# WHAT THE EXERCISE ASKS
Throughout the material below, count the lines that include the string "abbreviation", then report only the resulting number.
○ ○ ○ ○
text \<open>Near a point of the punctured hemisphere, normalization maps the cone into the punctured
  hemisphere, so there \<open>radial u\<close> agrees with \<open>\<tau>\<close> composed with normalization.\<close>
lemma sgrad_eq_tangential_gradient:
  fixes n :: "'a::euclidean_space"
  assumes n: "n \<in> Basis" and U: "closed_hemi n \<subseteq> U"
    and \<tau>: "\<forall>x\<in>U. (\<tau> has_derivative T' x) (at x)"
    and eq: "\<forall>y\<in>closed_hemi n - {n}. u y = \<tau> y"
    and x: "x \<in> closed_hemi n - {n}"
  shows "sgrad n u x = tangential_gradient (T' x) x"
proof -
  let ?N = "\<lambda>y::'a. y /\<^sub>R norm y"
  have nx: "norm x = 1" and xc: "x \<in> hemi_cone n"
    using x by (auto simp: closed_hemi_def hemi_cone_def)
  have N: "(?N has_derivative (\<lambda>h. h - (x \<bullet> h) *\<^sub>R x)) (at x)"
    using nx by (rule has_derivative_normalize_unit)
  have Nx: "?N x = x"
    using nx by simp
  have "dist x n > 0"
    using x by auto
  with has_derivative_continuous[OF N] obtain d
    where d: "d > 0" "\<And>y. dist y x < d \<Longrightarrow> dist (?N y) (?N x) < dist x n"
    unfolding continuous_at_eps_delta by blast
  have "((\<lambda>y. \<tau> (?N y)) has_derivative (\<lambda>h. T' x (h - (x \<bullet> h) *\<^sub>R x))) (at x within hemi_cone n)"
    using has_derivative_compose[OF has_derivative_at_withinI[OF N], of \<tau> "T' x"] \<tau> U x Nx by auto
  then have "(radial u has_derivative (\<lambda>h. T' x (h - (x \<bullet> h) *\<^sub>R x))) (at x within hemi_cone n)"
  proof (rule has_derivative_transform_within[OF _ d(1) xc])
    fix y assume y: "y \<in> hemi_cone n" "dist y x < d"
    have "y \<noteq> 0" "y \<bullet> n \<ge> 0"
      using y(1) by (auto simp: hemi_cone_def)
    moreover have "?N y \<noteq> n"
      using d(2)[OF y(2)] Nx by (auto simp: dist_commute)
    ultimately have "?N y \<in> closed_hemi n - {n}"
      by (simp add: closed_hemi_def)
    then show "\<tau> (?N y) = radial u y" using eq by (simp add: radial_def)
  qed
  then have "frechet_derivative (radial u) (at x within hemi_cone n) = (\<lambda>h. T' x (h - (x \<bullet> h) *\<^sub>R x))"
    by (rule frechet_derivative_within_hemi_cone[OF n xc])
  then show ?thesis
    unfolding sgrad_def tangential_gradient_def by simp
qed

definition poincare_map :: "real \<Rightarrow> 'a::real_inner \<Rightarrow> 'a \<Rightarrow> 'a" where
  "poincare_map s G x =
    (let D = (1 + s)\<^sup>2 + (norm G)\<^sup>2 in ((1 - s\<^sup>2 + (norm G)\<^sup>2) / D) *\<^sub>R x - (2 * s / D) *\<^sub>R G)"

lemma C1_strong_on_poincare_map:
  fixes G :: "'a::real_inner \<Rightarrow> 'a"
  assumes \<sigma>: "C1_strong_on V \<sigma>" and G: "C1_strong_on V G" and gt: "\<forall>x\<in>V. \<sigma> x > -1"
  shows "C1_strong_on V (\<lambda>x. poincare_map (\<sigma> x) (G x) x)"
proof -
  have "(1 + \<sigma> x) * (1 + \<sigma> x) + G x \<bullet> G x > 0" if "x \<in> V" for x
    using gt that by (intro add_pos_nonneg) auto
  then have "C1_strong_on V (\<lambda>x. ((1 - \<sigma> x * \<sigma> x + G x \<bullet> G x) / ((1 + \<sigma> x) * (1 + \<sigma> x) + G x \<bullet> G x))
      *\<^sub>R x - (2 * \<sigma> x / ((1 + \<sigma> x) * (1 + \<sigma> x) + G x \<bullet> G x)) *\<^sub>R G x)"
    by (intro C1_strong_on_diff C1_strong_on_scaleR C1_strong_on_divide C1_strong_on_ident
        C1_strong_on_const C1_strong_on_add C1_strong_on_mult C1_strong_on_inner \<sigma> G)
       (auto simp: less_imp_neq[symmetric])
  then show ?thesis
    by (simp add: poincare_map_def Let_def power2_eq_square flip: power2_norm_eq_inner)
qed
○ ○ ○ ○
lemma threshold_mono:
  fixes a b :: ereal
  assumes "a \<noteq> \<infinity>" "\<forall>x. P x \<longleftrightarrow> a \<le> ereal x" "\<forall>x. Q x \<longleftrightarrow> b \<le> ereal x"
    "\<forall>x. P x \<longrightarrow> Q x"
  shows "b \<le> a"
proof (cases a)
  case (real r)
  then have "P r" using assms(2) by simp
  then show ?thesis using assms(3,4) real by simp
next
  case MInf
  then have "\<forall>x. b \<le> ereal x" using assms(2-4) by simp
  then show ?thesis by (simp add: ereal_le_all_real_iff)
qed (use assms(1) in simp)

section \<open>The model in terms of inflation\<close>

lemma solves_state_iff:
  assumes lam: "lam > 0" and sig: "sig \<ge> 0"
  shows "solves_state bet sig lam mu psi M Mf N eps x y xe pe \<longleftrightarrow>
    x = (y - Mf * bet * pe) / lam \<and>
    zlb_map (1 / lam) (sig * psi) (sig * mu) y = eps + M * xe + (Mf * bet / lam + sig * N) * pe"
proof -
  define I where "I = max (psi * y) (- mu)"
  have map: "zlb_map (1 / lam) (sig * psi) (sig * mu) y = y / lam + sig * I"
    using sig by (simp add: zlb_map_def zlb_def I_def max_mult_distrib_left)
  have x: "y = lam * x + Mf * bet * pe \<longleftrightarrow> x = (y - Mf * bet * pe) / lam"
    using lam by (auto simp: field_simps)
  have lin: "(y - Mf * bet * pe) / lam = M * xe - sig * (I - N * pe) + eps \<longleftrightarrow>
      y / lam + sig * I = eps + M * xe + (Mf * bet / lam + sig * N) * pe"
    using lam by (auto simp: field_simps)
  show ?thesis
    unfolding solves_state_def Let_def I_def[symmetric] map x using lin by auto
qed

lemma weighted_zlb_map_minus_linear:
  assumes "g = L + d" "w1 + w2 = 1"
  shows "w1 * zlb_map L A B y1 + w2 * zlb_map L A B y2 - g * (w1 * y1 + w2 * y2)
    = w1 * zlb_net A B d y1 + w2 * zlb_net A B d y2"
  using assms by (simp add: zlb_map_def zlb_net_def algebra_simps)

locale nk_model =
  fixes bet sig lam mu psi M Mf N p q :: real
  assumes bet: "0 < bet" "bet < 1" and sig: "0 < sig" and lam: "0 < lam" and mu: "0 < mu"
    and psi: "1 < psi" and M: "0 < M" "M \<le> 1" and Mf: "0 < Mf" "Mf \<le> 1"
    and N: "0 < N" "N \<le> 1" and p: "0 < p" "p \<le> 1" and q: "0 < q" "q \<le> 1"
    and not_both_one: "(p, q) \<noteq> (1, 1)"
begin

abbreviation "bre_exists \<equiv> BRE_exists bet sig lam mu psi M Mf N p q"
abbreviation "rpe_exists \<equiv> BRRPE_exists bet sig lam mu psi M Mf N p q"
○ ○ ○ ○
# EXERCISE RESPONSE
2